We all know about the TEA (Taxed Enough Already) parties and women who deplore the custom of bachelor parties but what about Tee-hee parties? Tee-hee party is the term I like to use in reference to "women only" sales gatherings during which sexual devices, aids, creams and who knows what else are demonstrated and sold. Sort of like a Tupperware or Avon party except the guest tend to giggle more.
While I have not ever been privy to such parties (why would I if I can find this stuff online), I can only imagine the amount of pointing and laughing that goes on during such affairs. According to my source, they refuse to call a penis or vagina by their correct names but prefer to use euphemisms like hoo-hoo and cha-cha. That in itself would have me rolling because we all know their proper names are joystick and muffin.
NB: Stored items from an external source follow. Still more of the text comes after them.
lemma has_dim_subset_eq:
  assumes V: "has_dim s V d" and U: "has_dim s U d" and "V \<subseteq> U"
  shows "V = U"
proof (rule ccontr)
  assume "V \<noteq> U"
  then obtain u where u: "u \<in> U" "u \<notin> V"
    using \<open>V \<subseteq> U\<close> by blast
  obtain D where D: "finite D" "card D = d" "lin_indep s D" "D \<subseteq> V" "lspan s D = V"
    using V unfolding has_dim_def by blast
  obtain E where E: "finite E" "card E = d" "lspan s E = U"
    using U unfolding has_dim_def by blast
  have "u \<notin> D"
    using D(4) u by blast
  have "card (insert u D) \<le> card E"
  proof (rule lin_indep_card_le)
    show "lin_indep s (insert u D)"
      using lin_indep_insert D u by simp
    show "insert u D \<subseteq> lspan s E"
      using E u D \<open>V \<subseteq> U\<close> by blast
  qed (use D E in simp_all)
  then show False
    using D E \<open>u \<notin> D\<close> by simp
qed

lemma has_dim_lspan_insert:
  assumes V: "has_dim s V d" and z: "z \<notin> V"
  shows "has_dim s (lspan s (insert z V)) (Suc d)"
proof -
  obtain D where D: "finite D" "card D = d" "lin_indep s D" "D \<subseteq> V" "lspan s D = V"
    using V unfolding has_dim_def by blast
  have "insert z V \<subseteq> lspan s (insert z D)"
    using D(5) lspan_mono[of D "insert z D"] lspan_superset[of "insert z D"] by blast
  then have eq: "lspan s (insert z D) = lspan s (insert z V)"
    using D(4) lspan_mono[of "insert z D" "insert z V"] lspan_least[OF lspan_subsp] by blast
  have "z \<notin> D"
    using D(4) z by blast
  then show ?thesis
    unfolding has_dim_def
    using D z eq lspan_subsp lspan_superset[of "insert z D"] lin_indep_insert
    by (intro conjI exI[of _ "insert z D"]) auto
qed

lemma subsp_has_dim:
  assumes U: "subsp s U" and "U \<subseteq> V" and V: "has_dim s V n"
  shows "\<exists>d. has_dim s U d"
proof -
  obtain E where E: "finite E" "lspan s E = V" "card E = n"
    using V unfolding has_dim_def by blast
  let ?C = "{card A | A. finite A \<and> A \<subseteq> U \<and> lin_indep s A}"
  have "finite ?C"
    using lin_indep_card_le E \<open>U \<subseteq> V\<close> finite_subset[of ?C "{..n}"] by fastforce
  moreover have "0 \<in> ?C"
    by (rule CollectI, rule exI[of _ "{}"]) (auto simp: lin_indep_def)
  ultimately have "Max ?C \<in> ?C"
    using Max_in by blast
  then obtain A where A: "finite A" "A \<subseteq> U" "lin_indep s A" "card A = Max ?C"
    by auto
  have "U \<subseteq> lspan s A"
  proof
    fix u assume u: "u \<in> U"
    show "u \<in> lspan s A"
    proof (rule ccontr)
      assume u_new: "u \<notin> lspan s A"
      then have "card (insert u A) \<in> ?C"
        using lin_indep_insert A u by blast
      then have "card (insert u A) \<le> Max ?C"
        using \<open>finite ?C\<close> by simp
      moreover have "u \<notin> A"
        using u_new lspan_superset[of A] by blast
      ultimately show False
        using A by simp
    qed
  qed
  then have "lspan s A = U"
    using lspan_least[OF U] A by blast
  then show ?thesis
    using A U unfolding has_dim_def by blast
qed

lemma lspan_insert_Int:
  assumes X: "subsp s X" and W: "subsp s W" and z: "z \<in> W"
  shows "lspan s (insert z X) \<inter> W = lspan s (insert z (X \<inter> W))"
proof
  have "insert z (X \<inter> W) \<subseteq> lspan s (insert z X) \<inter> W"
    using lspan_superset[of "insert z X"] z by blast
  then show "lspan s (insert z (X \<inter> W)) \<subseteq> lspan s (insert z X) \<inter> W"
    using lspan_least subsp_Int[OF lspan_subsp W] by blast
next
  show "lspan s (insert z X) \<inter> W \<subseteq> lspan s (insert z (X \<inter> W))"
  proof
    fix y assume y: "y \<in> lspan s (insert z X) \<inter> W"
    then obtain c h where ch: "y = s c z + h" "h \<in> lspan s X"
      using lspan_insert by auto
    have "s c z \<in> W"
      using W z unfolding subsp_def by blast
    then have "h \<in> W"
      using subsp_diff[OF W, of y "s c z"] y ch(1) by (simp add: algebra_simps)
    moreover have "h \<in> X"
      using ch(2) lspan_of_subsp[OF X] by blast
    ultimately have "h \<in> lspan s (X \<inter> W)"
      using lspan_superset[of "X \<inter> W"] by blast
    then show "y \<in> lspan s (insert z (X \<inter> W))"
      using ch(1) lspan_insert by blast
  qed
qed

lemma lspan_insert_eq_if_has_dim_Suc:
  assumes "has_dim s V d" "has_dim s U (Suc d)" "V \<subseteq> U" "z \<in> U" "z \<notin> V"
  shows "lspan s (insert z V) = U"
proof -
  have "lspan s (insert z V) \<subseteq> U"
    using lspan_least[OF has_dim_subsp[OF assms(2)]] assms(3,4) by blast
  then show ?thesis
    using has_dim_subset_eq has_dim_lspan_insert assms by blast
qed

lemma common_hyperplane_eq_Int:
  assumes "x \<in> Sub s k" "y \<in> Sub s k" "x \<noteq> y" "H \<in> Sub s (k - 1)" "H \<subseteq> x" "H \<subseteq> y" "0 < k"
  shows "H = x \<inter> y"
proof (rule ccontr)
  assume "H \<noteq> x \<inter> y"
  then obtain z where z: "z \<in> x" "z \<in> y" "z \<notin> H"
    using assms(5,6) by blast
  have H: "has_dim s H (k - 1)" and x: "has_dim s x (Suc (k - 1))" and y: "has_dim s y (Suc (k - 1))"
    using assms(1,2,4,7) by (simp_all add: Sub_def)
  have "lspan s (insert z H) = x" "lspan s (insert z H) = y"
    using lspan_insert_eq_if_has_dim_Suc[OF H x assms(5) z(1,3)]
      lspan_insert_eq_if_has_dim_Suc[OF H y assms(6) z(2,3)] .
  then show False
    using assms(3) by simp
qed

lemma common_superspace_eq_lspan_Un:
  assumes "x \<in> Sub s k" "y \<in> Sub s k" "x \<noteq> y" "B \<in> Sub s (k + 1)" "x \<subseteq> B" "y \<subseteq> B"
  shows "B = lspan s (x \<union> y)"
proof -
  have x: "has_dim s x k" and y: "has_dim s y k" and B: "has_dim s B (Suc k)"
    using assms(1,2,4) by (simp_all add: Sub_def)
  obtain z where z: "z \<in> y" "z \<notin> x"
    using has_dim_subset_eq[OF y x] assms(3) by blast
  have "B = lspan s (insert z x)"
    using lspan_insert_eq_if_has_dim_Suc[OF x B assms(5) _ z(2)] z(1) assms(6) by blast
  also have "\<dots> \<subseteq> lspan s (x \<union> y)"
    using z(1) by (intro lspan_mono) blast
  finally show ?thesis
    using lspan_least[OF has_dim_subsp[OF B]] assms(5,6) by blast
qed
section \<open>Faces of a polyhedron one dimension up\<close>

lemma polyhedron_facet_constraints:
  fixes S :: "'a::euclidean_space set"
  assumes "polyhedron S"
  obtains I :: "'a set set" and a b
  where "finite I" "S = affine hull S \<inter> {x. \<forall>i\<in>I. a i \<bullet> x \<le> b i}"
    "\<And>K. K facet_of S \<longleftrightarrow> (\<exists>i\<in>I. K = S \<inter> {x. a i \<bullet> x = b i})"
proof -
  obtain \<F> where fin: "finite \<F>" and seq: "S = affine hull S \<inter> \<Inter>\<F>"
     and faces: "\<And>h. h \<in> \<F> \<Longrightarrow> \<exists>a b. a \<noteq> 0 \<and> h = {x. a \<bullet> x \<le> b}"
     and min: "\<And>F'. F' \<subset> \<F> \<Longrightarrow> S \<subset> affine hull S \<inter> \<Inter>F'"
    using assms by (simp add: polyhedron_Int_affine_minimal) meson
  then obtain a b where ab: "\<And>h. h \<in> \<F> \<Longrightarrow> a h \<noteq> 0 \<and> h = {x. a h \<bullet> x \<le> b h}"
    by metis
  have "\<Inter>\<F> = {x. \<forall>h\<in>\<F>. a h \<bullet> x \<le> b h}" using ab by blast
  then have "S = affine hull S \<inter> {x. \<forall>h\<in>\<F>. a h \<bullet> x \<le> b h}" using seq by argo
  then show ?thesis
  proof (rule that[OF fin])
    fix K
    show "K facet_of S \<longleftrightarrow> (\<exists>h\<in>\<F>. K = S \<inter> {x. a h \<bullet> x = b h})"
      using facet_of_polyhedron_explicit[OF fin seq ab min, of K] by blast
  qed
qed

lemma rel_interior_point_on_supporting_hyperplane:
  fixes S :: "'a::euclidean_space set"
  assumes "F face_of S" "p \<in> rel_interior F" "S \<subseteq> {x. a \<bullet> x \<le> b}"
  shows "a \<bullet> p = b \<longleftrightarrow> F \<subseteq> {x. a \<bullet> x = b}"
proof
  assume "a \<bullet> p = b"
  have "convex F" using assms(1) face_of_imp_convex by blast
  moreover have "F \<subseteq> {x. a \<bullet> x \<le> b}" using assms(1,3) face_of_imp_subset by blast
  ultimately have face: "(F \<inter> {x. a \<bullet> x = b}) face_of F"
    by (intro face_of_Int_supporting_hyperplane_le) auto
  have "p \<in> (F \<inter> {x. a \<bullet> x = b}) \<inter> rel_interior F"
    using assms(2) \<open>a \<bullet> p = b\<close> rel_interior_subset by blast
  then have "F \<inter> {x. a \<bullet> x = b} = F" using face_of_disjoint_rel_interior[OF face] by blast
  then show "F \<subseteq> {x. a \<bullet> x = b}" by blast
qed (use assms(2) rel_interior_subset in blast)

lemma polyhedron_feasible_direction:
  fixes S :: "'a::euclidean_space set"
  assumes "finite I" "S = affine hull S \<inter> {x. \<forall>i\<in>I. a i \<bullet> x \<le> b i}"
    and "p \<in> S" "v \<in> span ((+) (- p) ` S)"
    and "\<And>i. i \<in> I \<Longrightarrow> a i \<bullet> p = b i \<Longrightarrow> a i \<bullet> v \<le> 0"
  obtains t where "t > 0" "p + t *\<^sub>R v \<in> S"
proof -
  have S_le: "S \<subseteq> {x. \<forall>i\<in>I. a i \<bullet> x \<le> b i}" by (subst assms(2)) blast
  have "a i \<bullet> p \<le> b i" if "i \<in> I" for i using S_le assms(3) that by blast
  then have "\<forall>i\<in>{i \<in> I. a i \<bullet> p \<noteq> b i}. a i \<bullet> p < b i" by force
  then have "\<exists>t>0. \<forall>i\<in>{i \<in> I. a i \<bullet> p \<noteq> b i}. a i \<bullet> p + t * (a i \<bullet> v) < b i"
    using assms(1) by (intro finite_strict_ineqs_perturb) simp_all
  then obtain t where "t > 0"
      and slack: "\<And>i. i \<in> I \<Longrightarrow> a i \<bullet> p \<noteq> b i \<Longrightarrow> a i \<bullet> p + t * (a i \<bullet> v) < b i" by blast
  have "a i \<bullet> (p + t *\<^sub>R v) \<le> b i" if "i \<in> I" for i
  proof (cases "a i \<bullet> p = b i")
    case True
    then show ?thesis
      using assms(5)[OF that True] \<open>t > 0\<close> by (simp add: inner_add_right mult_nonneg_nonpos)
  next
    case False
    then show ?thesis using slack that by (fastforce simp: inner_add_right inner_diff_right)
  qed
  moreover have "p + t *\<^sub>R v \<in> affine hull S"
    using affine_hull_span_gen[OF hull_inc[OF assms(3)]] assms(4) by (auto simp: span_scale)
  ultimately have "p + t *\<^sub>R v \<in> S" by (subst assms(2)) blast
  then show ?thesis using that \<open>t > 0\<close> by blast
qed

lemma polyhedron_tight_constraint_along_direction:
  fixes S :: "'a::euclidean_space set"
  assumes poly: "polyhedron S" and fin: "finite I"
    and S_eq: "S = affine hull S \<inter> {x. \<forall>i\<in>I. a i \<bullet> x \<le> b i}"
    and facet: "\<And>K. K facet_of S \<longleftrightarrow> (\<exists>i\<in>I. K = S \<inter> {x. a i \<bullet> x = b i})"
    and F0: "F0 face_of S" "F0 \<noteq> {}" "F0 \<noteq> S" and p: "p \<in> rel_interior F0"
    and e: "e \<in> span ((+) (- p) ` S)" "e \<notin> span ((+) (- p) ` F0)"
  shows "\<exists>i\<in>I. a i \<bullet> p = b i \<and> a i \<bullet> e \<noteq> 0"
proof (rule ccontr)
  assume "\<not> ?thesis"
  then have flat: "\<And>i. i \<in> I \<Longrightarrow> a i \<bullet> p = b i \<Longrightarrow> a i \<bullet> e = 0" by blast
  have pS: "p \<in> S" using p rel_interior_subset F0(1) face_of_imp_subset by blast
  from flat have "\<And>i. i \<in> I \<Longrightarrow> a i \<bullet> p = b i \<Longrightarrow> a i \<bullet> e \<le> 0" by simp
  then obtain t where "t > 0" "p + t *\<^sub>R e \<in> S"
    by (rule polyhedron_feasible_direction[OF fin S_eq pS e(1)])
  \<comment> \<open>Moving along e keeps every constraint that is tight on F0 tight, hence stays in F0.\<close>
  have "p + t *\<^sub>R e \<in> K" if K: "K facet_of S" "F0 \<subseteq> K" for K
  proof -
    obtain i where i: "i \<in> I" "K = S \<inter> {x. a i \<bullet> x = b i}"
      using facet[THEN iffD1, OF K(1)] by blast
    have "S \<subseteq> {x. a i \<bullet> x \<le> b i}" using i(1) by (subst S_eq) blast
    moreover have "F0 \<subseteq> {x. a i \<bullet> x = b i}" using K(2) i(2) by blast
    ultimately have "a i \<bullet> p = b i"
      using rel_interior_point_on_supporting_hyperplane[OF F0(1) p] by blast
    then show ?thesis using i flat \<open>p + t *\<^sub>R e \<in> S\<close> by (simp add: inner_add_right)
  qed
  then have "p + t *\<^sub>R e \<in> F0" by (subst face_of_polyhedron[OF poly F0]) blast
  then have "t *\<^sub>R e \<in> span ((+) (- p) ` F0)"
    by (intro span_base image_eqI[of _ _ "p + t *\<^sub>R e"]) auto
  then have "(1 / t) *\<^sub>R (t *\<^sub>R e) \<in> span ((+) (- p) ` F0)" by (rule span_scale)
  then show False using e(2) \<open>t > 0\<close> by simp
qed

lemma polyhedron_facet_above_level:
  fixes S :: "'a::euclidean_space set"
  assumes poly: "polyhedron S" and F0: "F0 face_of S" "F0 \<noteq> {}"
    and codim: "aff_dim F0 + 1 < aff_dim S"
    and level: "\<And>x. x \<in> F0 \<Longrightarrow> g \<bullet> x = c" and y: "y \<in> S" "g \<bullet> y > c"
  shows "\<exists>K. K facet_of S \<and> F0 \<subseteq> K \<and> (\<exists>z\<in>K. g \<bullet> z > c)"
proof -
  obtain I :: "'a set set" and a b where fin: "finite I"
      and S_eq: "S = affine hull S \<inter> {x. \<forall>i\<in>I. a i \<bullet> x \<le> b i}"
      and facet: "\<And>K. K facet_of S \<longleftrightarrow> (\<exists>i\<in>I. K = S \<inter> {x. a i \<bullet> x = b i})"
    using polyhedron_facet_constraints[OF poly] by blast
  have S_le: "S \<subseteq> {x. a i \<bullet> x \<le> b i}" if "i \<in> I" for i using that by (subst S_eq) blast
  have "F0 \<noteq> S" using codim by auto
  obtain p where p: "p \<in> rel_interior F0"
    using F0 face_of_imp_convex rel_interior_eq_empty by blast
  have pF0: "p \<in> F0" using p rel_interior_subset by blast
  have pS: "p \<in> S" using pF0 F0(1) face_of_imp_subset by blast
  have tight_iff: "a i \<bullet> p = b i \<longleftrightarrow> F0 \<subseteq> {x. a i \<bullet> x = b i}" if "i \<in> I" for i
    using rel_interior_point_on_supporting_hyperplane[OF F0(1) p S_le[OF that]] .
  define D where "D = (+) (- p) ` S"
  define W where "W = (+) (- p) ` F0"
  have yD: "- p + y \<in> span D" using y(1) by (auto simp: D_def intro: span_base)
  have gy: "g \<bullet> (- p + y) > 0"
    using y(2) level[OF pF0] by (simp add: inner_add_right inner_diff_right)
  have y_tight: "a i \<bullet> (- p + y) \<le> 0" if "i \<in> I" "a i \<bullet> p = b i" for i
  proof -
    have "a i \<bullet> y \<le> b i" using S_le[OF that(1)] y(1) by blast
    then show ?thesis using that(2) by (simp add: inner_diff_right)
  qed
  have "dim W + 1 < dim D"
    using codim aff_dim_eq_dim[OF hull_inc[OF pS]] aff_dim_eq_dim[OF hull_inc[OF pF0]]
    by (simp add: D_def W_def)
  moreover have "g \<bullet> (- p + y) \<noteq> 0" using gy by linarith
  ultimately obtain e0 where e0: "e0 \<in> span D" "g \<bullet> e0 = 0" "e0 \<notin> span W"
    using exists_orthogonal_outside_span[OF yD] by blast
  have "\<exists>i\<in>I. a i \<bullet> p = b i \<and> a i \<bullet> e0 \<noteq> 0"
    using polyhedron_tight_constraint_along_direction[OF poly fin S_eq facet F0 \<open>F0 \<noteq> S\<close> p] e0(1,3)
    by (simp add: D_def W_def)
  then obtain j where j: "j \<in> I" "a j \<bullet> p = b j" "a j \<bullet> e0 \<noteq> 0" by blast
  define e where "e = (if a j \<bullet> e0 > 0 then e0 else - e0)"
  have e: "e \<in> span D" "g \<bullet> e = 0" "a j \<bullet> e > 0"
    using e0(1,2) j(3) by (auto simp: e_def span_neg)
  \<comment> \<open>Tilt y - p along e, which does not change g, until it runs into a facet through F0.\<close>
  let ?T = "{i \<in> I. a i \<bullet> p = b i}"
  obtain s k where s: "\<forall>i\<in>?T. a i \<bullet> (- p + y) + s * (a i \<bullet> e) \<le> 0"
      and k: "k \<in> ?T" "a k \<bullet> (- p + y) + s * (a k \<bullet> e) = 0"
    using exists_first_zero_crossing[of ?T "\<lambda>i. a i \<bullet> (- p + y)" j "\<lambda>i. a i \<bullet> e"]
      fin j(1,2) e(3) y_tight by auto
  define d where "d = (- p + y) + s *\<^sub>R e"
  have "d \<in> span D" using yD e(1) by (simp add: d_def span_add span_scale)
  moreover have "a i \<bullet> d \<le> 0" if "i \<in> I" "a i \<bullet> p = b i" for i
    using s that by (simp add: d_def inner_add_right inner_diff_right)
  ultimately obtain t where "t > 0" and z: "p + t *\<^sub>R d \<in> S"
    unfolding D_def by (rule polyhedron_feasible_direction[OF fin S_eq pS])
  define K where "K = S \<inter> {x. a k \<bullet> x = b k}"
  have "K facet_of S" using facet k(1) by (auto simp: K_def)
  moreover have "F0 \<subseteq> K" using tight_iff k(1) face_of_imp_subset[OF F0(1)] by (auto simp: K_def)
  moreover have "p + t *\<^sub>R d \<in> K"
    using z k by (simp add: K_def d_def inner_add_right inner_diff_right)
  moreover have "g \<bullet> (p + t *\<^sub>R d) > c"
    using level[OF pF0] gy e(2) \<open>t > 0\<close> by (simp add: d_def inner_add_right inner_diff_right)
  ultimately show ?thesis by blast
qed

lemma polyhedron_cover_above_level:
  fixes Q :: "'a::euclidean_space set"
  assumes "polyhedron Q" "F0 face_of Q" "F0 \<noteq> {}" "\<And>x. x \<in> F0 \<Longrightarrow> g \<bullet> x = c"
    and "y \<in> Q" "g \<bullet> y > c"
  shows "\<exists>E. E face_of Q \<and> F0 \<subseteq> E \<and> aff_dim E = aff_dim F0 + 1 \<and> (\<exists>z\<in>E. g \<bullet> z > c)"
  using assms
proof (induction "nat (aff_dim Q - aff_dim F0)" arbitrary: Q y rule: less_induct)
  case less
  have "convex Q" using less.prems(1) polyhedron_imp_convex by blast
  have "F0 \<noteq> Q" using less.prems(4-6) by fastforce
  then have "aff_dim F0 < aff_dim Q" using face_of_aff_dim_lt[OF \<open>convex Q\<close> less.prems(2)] by blast
  show ?case
  proof (cases "aff_dim Q = aff_dim F0 + 1")
    case True
    moreover have "F0 \<subseteq> Q" using less.prems(2) face_of_imp_subset by blast
    ultimately show ?thesis using face_of_refl[OF \<open>convex Q\<close>] less.prems(5,6) by blast
  next
    case False
    then have "aff_dim F0 + 1 < aff_dim Q" using \<open>aff_dim F0 < aff_dim Q\<close> by linarith
    then obtain K z where K: "K facet_of Q" "F0 \<subseteq> K" "z \<in> K" "g \<bullet> z > c"
      using polyhedron_facet_above_level[OF less.prems(1-3) _ less.prems(4-6)] by blast
    have "K face_of Q" using K(1) facet_of_imp_face_of by blast
    have "polyhedron K" using face_of_polyhedron_polyhedron[OF less.prems(1) \<open>K face_of Q\<close>] .
    have "F0 face_of K"
      using face_of_subset[OF less.prems(2) K(2) face_of_imp_subset[OF \<open>K face_of Q\<close>]] .
    have "aff_dim K = aff_dim Q - 1" using K(1) by (simp add: facet_of_def)
    then have "nat (aff_dim K - aff_dim F0) < nat (aff_dim Q - aff_dim F0)"
      using \<open>aff_dim F0 + 1 < aff_dim Q\<close> by linarith
    then obtain E where E: "E face_of K" "F0 \<subseteq> E" "aff_dim E = aff_dim F0 + 1" "\<exists>z\<in>E. g \<bullet> z > c"
      using less.hyps[OF _ \<open>polyhedron K\<close> \<open>F0 face_of K\<close> less.prems(3,4) K(3,4)] by blast
    have "E face_of Q" using face_of_trans[OF E(1) \<open>K face_of Q\<close>] .
    then show ?thesis using E(2-4) by blast
  qed
qed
So there they sit, enjoying some chocolate, whispering to each other, pointing and laughing at every item that is brought out by the sales lady. She'll preach the pros of each item and explain how their love life can only benefit with the use of her wares. Then one at a time they slip off to a private room where the sales lady discreetly takes each woman's order.
Well whoop-de-do Botolf, what's the big deal about that? None really. I think women have every right to go to these parties and find something to augment the vibration mode of her cell phone to get her jollies. To me its not really fair. Women can have these parties and no one raises as much as an eyebrow but if a guy goes to a dark adult store or goes online to get leather suits with matching bridle and saddle with stirrups ( made with hand tooled leather ) he is considered a pervert.
What I'm kind of questioning is what would the social response be if men held such parties? Wouldn't that be interesting?
Imagine a bunch of guys sitting around drinking beer, listening to a sales guy present each item. Every guy laughing and talking out loud about the subject matter using an endless variety of anatomical euphemisms. All goes well until the more exotic items come out; "What the hell is THAT? Yes, I can see its a string of beads but what the hell do you....YOU STICK THEM WHERE? Ah HELL NO, I ain't using THAT!"
Then those items for the ladies' pleasure are presented;
Ed: "What the...if I give her that thing she'll never have anything to do with me!"
Dave: "Don't worry Ed, unless it can kill spiders or take the garbage out, you'll still have a job."
Ed: "Shuddup asshole, that ain't what I'm worried about"
Dave: "Scared of some competition?"
Ed: "Damn straight! Its just like drag racing. Whoever gets there first wins! With that thing she'll have an unfair start or worse, run races without me."
Dave: "Whats a matter Ed? Can't compete against the horsepower of two C cell batteries?"
(Laughter and fighting ensue)
Ah, just as well if we don't have such parties. For men, it really has become a ritual of going to sex shops who operate on the shady side of the law. Doing your best not to be recognized or be there when the store gets busted by the cops. Now where did I put my black trenchcoat and dark shades?